* **Task to complete**:
Within the records below, filter for lines carrying the word "intro" and copy them.

Stored items
============================================================

(* For a $d$-dimensional state ensemble $\Omega=\{(p_j,\rho_j)\}_{j=0}^{k-1}$, the optimal discrimination probability via DIO, $\widetilde{P}_{\mathrm{suc,DIO}}(\Omega)$, cannot be improved with the assistance of any coherent state, i.e. discriminating $\{(p_j,\rho_j\otimes\tau)\}_j$ via DIO for any ancillary state $\tau$ gives no higher success probability.
   Context: Let $\Delta(\rho)=\sum_i |i\rangle\langle i|\rho|i\rangle\langle i|$ be the completely dephasing channel in the computational basis. DIO (dephasing-covariant incoherent operations) are channels $\mathcal{E}$ with $\Delta\circ\mathcal{E}=\mathcal{E}\circ\Delta$. Quantum state discrimination via free operations $\mathcal{O}$: $\widetilde{P}_{\mathrm{suc},\mathcal{O}}(\Omega)=\sup\sum_j p_j\mathrm{tr}[\mathcal{N}_{A\to BA'}(\rho_j)(|j\rangle\langle j|_B\otimes I_{A'})]$ over $\mathcal{N}_{A\to BA'}\in\mathcal{O}$, $\dim B=k$, $A'\cong A$. *)

theory Defs
  imports "Jordan_Normal_Form.Matrix"
begin

text \<open>The computational basis of a
  d-dimensional system is the standard basis indexed by 0..d-1; the tensor
  product of a system of dimension n with one of dimension m has basis index
  i*m + j for the pair (i,j) (Kronecker convention).\<close>

definition adj :: "complex mat \<Rightarrow> complex mat" where
  "adj A = mat (dim_col A) (dim_row A) (\<lambda>(i,j). cnj (A $$ (j,i)))"

definition tr :: "complex mat \<Rightarrow> complex" where
  "tr A = (\<Sum>i<dim_row A. A $$ (i,i))"

definition kron :: "complex mat \<Rightarrow> complex mat \<Rightarrow> complex mat" where
  "kron A B = mat (dim_row A * dim_row B) (dim_col A * dim_col B)
     (\<lambda>(i,j). A $$ (i div dim_row B, j div dim_col B) * B $$ (i mod dim_row B, j mod dim_col B))"

definition psd :: "nat \<Rightarrow> complex mat \<Rightarrow> bool" where
  "psd n A \<longleftrightarrow> A \<in> carrier_mat n n
     \<and> (\<forall>i<n. \<forall>j<n. A $$ (i,j) = cnj (A $$ (j,i)))
     \<and> (\<forall>v \<in> carrier_vec n. 0 \<le> Re (\<Sum>i<n. \<Sum>j<n. cnj (v $ i) * A $$ (i,j) * v $ j))"

definition density :: "nat \<Rightarrow> complex mat \<Rightarrow> bool" where
  "density n \<rho> \<longleftrightarrow> psd n \<rho> \<and> tr \<rho> = 1"

definition msum :: "nat \<Rightarrow> nat \<Rightarrow> complex mat list \<Rightarrow> complex mat" where
  "msum r c As = foldr (+) As (0\<^sub>m r c)"

definition channel :: "nat \<Rightarrow> nat \<Rightarrow> (complex mat \<Rightarrow> complex mat) \<Rightarrow> bool" where
  "channel n m E \<longleftrightarrow> (\<exists>Ks. (\<forall>K \<in> set Ks. K \<in> carrier_mat m n)
      \<and> msum n n (map (\<lambda>K. adj K * K) Ks) = 1\<^sub>m n
      \<and> (\<forall>X \<in> carrier_mat n n. E X = msum m m (map (\<lambda>K. K * X * adj K) Ks)))"

definition dephase :: "complex mat \<Rightarrow> complex mat" where
  "dephase A = mat (dim_row A) (dim_col A) (\<lambda>(i,j). if i = j then A $$ (i,j) else 0)"

definition DIO :: "nat \<Rightarrow> nat \<Rightarrow> (complex mat \<Rightarrow> complex mat) \<Rightarrow> bool" where
  "DIO n m E \<longleftrightarrow> channel n m E \<and> (\<forall>X \<in> carrier_mat n n. dephase (E X) = E (dephase X))"

definition proj :: "nat \<Rightarrow> nat \<Rightarrow> complex mat" where
  "proj k j = mat k k (\<lambda>(a,b). if a = j \<and> b = j then 1 else 0)"

definition ensemble :: "nat \<Rightarrow> nat \<Rightarrow> (nat \<Rightarrow> real) \<Rightarrow> (nat \<Rightarrow> complex mat) \<Rightarrow> bool" where
  "ensemble d k p \<rho> \<longleftrightarrow> k \<ge> 1 \<and> (\<forall>j<k. 0 \<le> p j \<and> density d (\<rho> j)) \<and> (\<Sum>j<k. p j) = 1"

text \<open>Optimal success probability of discriminating the ensemble via DIO
  N : A \<rightarrow> B A', with dim A = dim A' = d and dim B = k (B is the first factor).\<close>
definition Psuc_DIO :: "nat \<Rightarrow> nat \<Rightarrow> (nat \<Rightarrow> real) \<Rightarrow> (nat \<Rightarrow> complex mat) \<Rightarrow> real" where
  "Psuc_DIO d k p \<rho> = Sup {(\<Sum>j<k. p j * Re (tr (N (\<rho> j) * kron (proj k j) (1\<^sub>m d))))
      | N. DIO d (k * d) N}"

end

theory Submission
  imports Defs
begin

text \<open>
  The success probability of a strategy \<open>N\<close> only sees the diagonal of the output
  \<open>N (\<rho>\<^sub>j \<otimes> \<tau>)\<close>. For a DIO this diagonal is that of
  \<open>N (\<Delta> (\<rho>\<^sub>j \<otimes> \<tau>)) = N (\<Delta> \<rho>\<^sub>j \<otimes> \<Delta> \<tau>)\<close>, so the ancilla \<open>\<tau>\<close> may be replaced by the
  incoherent state \<open>\<Delta> \<tau>\<close>. Appending \<open>\<Delta> \<tau>\<close> (Kraus operators \<open>\<surd>\<tau>\<^sub>l\<^sub>l (I \<otimes> |l\<rangle>)\<close>) and
  tracing the ancilla out again are DIOs, and tracing out a factor of \<open>A'\<close> does not change the
  probabilities of the outcomes \<open>j\<close> read off from \<open>B\<close>. So \<open>N\<close> with ancilla \<open>\<tau>\<close> is matched by the
  DIO \<open>X \<mapsto> tr\<^sub>a\<^sub>n\<^sub>c (N (X \<otimes> \<Delta> \<tau>))\<close> acting on the ensemble itself.
\<close>

lemma sum_lessThan_mult_nat:
  fixes g :: "nat \<Rightarrow> 'a::comm_monoid_add"
  shows "(\<Sum>c<n*m. g c) = (\<Sum>r<n. \<Sum>a<m. g (r*m + a))"
  by (simp add: sum.nat_group[symmetric] sum.atLeastLessThan_shift_0 atLeast0LessThan add.commute)

lemma mult_add_less_mult_nat: "(r::nat) < n \<Longrightarrow> a < m \<Longrightarrow> r*m + a < n*m"
proof -
  assume "r < n" "a < m"
  then have "r*m + a < Suc r * m" by simp
  also have "\<dots> \<le> n*m" using \<open>r < n\<close> by (intro mult_le_mono1) simp
  finally show ?thesis .
qed

lemma sum_if_eq_mult_add:
  fixes x n m a :: nat
  assumes x: "x < n*m" and a: "a < m"
  shows "(\<Sum>t<n. if x = t*m + a then f t else 0) = (if x mod m = a then f (x div m) else 0)"
proof (cases "x mod m = a")
  case True
  have "x div m < n" using x by (rule less_mult_imp_div_less)
  moreover have "x = t*m + a \<longleftrightarrow> t = x div m" for t
    using True a by (metis div_mult_mod_eq add_right_cancel div_mult_self1 gr_implies_not0)
  ultimately show ?thesis using True by simp
next
  case False
  then have "x \<noteq> t*m + a" for t using a by auto
  then show ?thesis using False by simp
qed
(* Let $C=(C_1,C_0,s,t,\varepsilon,m)$ be an internal category in $\mathsf{XMod}$ with $C_1=(A_1,B_1,\alpha_1)$, $C_0=(A_0,B_0,\alpha_0)$. Put $L=\ker s_A$, $M=\ker s_B$, $N=A_0$, $P=B_0$, $\lambda=\alpha_1|_{L}:L\to M$, $\lambda'=t_A|_{L}:L\to N$, $\mu=t_B|_{M}:M\to P$, $\nu=\alpha_0:N\to P$. Let $P$ act on $N$ by the given action of $B_0$ on $A_0$, on $M$ by $p\cdot m=1_p+m-1_p$, and on $L$ by $p\cdot l=1_p\cdot l$ (action of $B_1$ on $A_1$). Define $h:M\times N\to L$ by $h(m,n)=m\cdot 1_n-1_n$, where $m\cdot 1_n$ is the action of $m\in B_1$ on $1_n\in A_1$. Then $(L,M,N,P)$ with these data is a crossed square.
   Context: Groups are written additively. A crossed module $(A,B,\alpha)$: groups $A,B$, a left action of $B$ on $A$ by automorphisms, a homomorphism $\alpha:A\to B$ with $\alpha(b\cdot a)=b+\alpha(a)-b$ and $\alpha(a)\cdot a'=a+a'-a$. Morphisms $\langle f_A,f_B\rangle$ are pairs of homomorphisms with $f_B\alpha=\alpha'f_A$, $f_A(b\cdot a)=f_B(b)\cdot f_A(a)$. An internal category in $\mathsf{XMod}$ consists of crossed modules $C_1=(A_1,B_1,\alpha_1)$, $C_0=(A_0,B_0,\alpha_0)$ and crossed module morphisms $s=\langle s_A,s_B\rangle, t=\langle t_A,t_B\rangle:C_1\to C_0$, $\varepsilon=\langle\varepsilon_A,\varepsilon_B\rangle:C_0\to C_1$, $m=\langle m_A,m_B\rangle:C_1\,{}_s\!\times_t C_1\to C_1$ (pullback computed componentwise, pairs $(x,y)$ with $s(x)=t(y)$, componentwise action) satisfying $s\varepsilon=t\varepsilon=1$, $sm=s\pi_2$, $tm=t\pi_1$, associativity $m(1\times m)=m(m\times1)$ and unit laws $m(\varepsilon s,1)=m(1,\varepsilon t)=1$. Notation: $1_x=\varepsilon_A(x)$ or $\varepsilon_B(x)$. A crossed square: homomorphisms $\lambda:L\to M$, $\lambda':L\to N$, $\mu:M\to P$, $\nu:N\to P$ with $\nu\lambda'=\mu\lambda$, left actions of $P$ on $L,M,N$ (inducing actions of $M$ on $L,N$ via $\mu$ and of $N$ on $L,M$ via $\nu$), and $h:M\times N\to L$, such that (i) $\lambda,\lambda'$ are $P$-equivariant and $\mu$, $\nu$, $\mu\lambda$ are crossed modules; (ii) $\lambda h(m,n)=m+n\cdot(-m)$, $\lambda'h(m,n)=m\cdot n-n$; (iii) $h(\lambda(l),n)=l+n\cdot(-l)$, $h(m,\lambda'(l))=m\cdot l-l$; (iv) $h(m+m',n)=m\cdot h(m',n)+h(m,n)$, $h(m,n+n')=h(m,n)+n\cdot h(m,n')$; (v) $h(p\cdot m,p\cdot n)=p\cdot h(m,n)$. *)

theory Defs
  imports "HOL-Algebra.Algebra"
begin
text \<open>
  Write e_k(T) for the sum of the decreasing chains of length k in T and argue by induction
  on S, grouping chains by their first (largest) letter. Let u be maximal in S.

  If u is the maximum of S, then e_k(S) = e_k(S') + u_u e_{k-1}(S') with S' = S - {u}.
  Relation (1) moves u_u through e(S') from the right, leaving only commutators
  [u_d, u_u] for d in S'; relation (2) lets these act on all of e(S') instead of on the chains
  below d, so the expansion of e_p(S) e_q(S) is symmetric in p, q by induction.

  Otherwise S has a second maximal element v, and e(S) splits into the chains avoiding u and v
  and those starting at u or at v; by induction only the cross terms between the last two need
  to be symmetric. Relation (3) exchanges u_u and u_v around the chains that start below u but
  not below v, and (3+1)-freeness forces all these starting points, for u and for v alike,
  to have one and the same down-set; everything then reduces to smaller sets.
\<close>

section \<open>The free ring and the ideal\<close>

text \<open>Lists under concatenation, wrapped so that they become a \<open>monoid_add\<close>; then
  \<open>'a free_word \<Rightarrow>\<^sub>0 int\<close> is the free ring \<open>\<int>\<langle>u\<^sub>a\<rangle>\<close> with its \<open>ring_1\<close> structure
  from \<open>Poly_Mapping\<close>.\<close>

datatype 'a free_word = Word (letters: "'a list")

instantiation free_word :: (type) monoid_add
begin

definition zero_free_word :: "'a free_word" where
  "0 = Word []"

definition plus_free_word :: "'a free_word \<Rightarrow> 'a free_word \<Rightarrow> 'a free_word" where
  "x + y = Word (letters x @ letters y)"

instance
  by standard (auto simp: zero_free_word_def plus_free_word_def intro: free_word.expand)

end

lemma Word_plus_Word [simp]: "Word v + Word w = Word (v @ w)"
  by (simp add: plus_free_word_def)

type_synonym 'a free_ring = "'a free_word \<Rightarrow>\<^sub>0 int"

definition coeff_fun :: "'a free_ring \<Rightarrow> 'a ncpoly" where
  "coeff_fun x = (\<lambda>w. Poly_Mapping.lookup x (Word w))"

definition monomial :: "'a list \<Rightarrow> 'a free_ring" where
  "monomial w = Poly_Mapping.single (Word w) 1"

definition letter :: "'a \<Rightarrow> 'a free_ring" where
  "letter a = monomial [a]"

lemma monomial_Nil [simp]: "monomial [] = 1"
  by (simp add: monomial_def zero_free_word_def[symmetric])

lemma monomial_Cons: "monomial (a # w) = letter a * monomial w"
  by (simp add: letter_def monomial_def mult_single)

lemma letter_mult_3: "letter a * letter b * letter c = monomial [a, b, c]"
  by (simp add: monomial_Cons mult.assoc)

lemma nc_finite_coeff_fun: "nc_finite (coeff_fun x)"
proof -
  have "{w. coeff_fun x w \<noteq> 0} \<subseteq> letters ` Poly_Mapping.keys x"
    by (auto simp: coeff_fun_def in_keys_iff intro: image_eqI[where x = "Word _"])
  then show ?thesis
    unfolding nc_finite_def by (rule finite_subset) simp
qed

lemma coeff_fun_zero: "coeff_fun 0 = nc_zero"
  by (simp add: coeff_fun_def nc_zero_def)

lemma coeff_fun_add: "coeff_fun (x + y) = nc_add (coeff_fun x) (coeff_fun y)"
  by (simp add: coeff_fun_def nc_add_def lookup_add)

lemma coeff_fun_diff: "coeff_fun (x - y) = nc_sub (coeff_fun x) (coeff_fun y)"
  by (simp add: coeff_fun_def nc_sub_def lookup_minus)

lemma coeff_fun_monomial: "coeff_fun (monomial w) = nc_mono w"
  by (auto simp: coeff_fun_def nc_mono_def monomial_def lookup_single when_def)

lemma sum_when_Word_append:
  "(\<Sum>q. Poly_Mapping.lookup y q when Word w = Word v + q) =
     (if take (length v) w = v then Poly_Mapping.lookup y (Word (drop (length v) w)) else 0)"
proof -
  have "(Poly_Mapping.lookup y q when Word w = Word v + q) =
        (if take (length v) w = v \<and> q = Word (drop (length v) w)
         then Poly_Mapping.lookup y q else 0)" for q
    by (cases q) (auto simp: when_def append_eq_conv_conj, metis append_take_drop_id)
  then show ?thesis
    by simp
qed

============================================================

* **Solution for this problem**:
  also have "\<dots> \<le> n*m" using \<open>r < n\<close> by (intro mult_le_mono1) simp
  by standard (auto simp: zero_free_word_def plus_free_word_def intro: free_word.expand)
    by (auto simp: coeff_fun_def in_keys_iff intro: image_eqI[where x = "Word _"])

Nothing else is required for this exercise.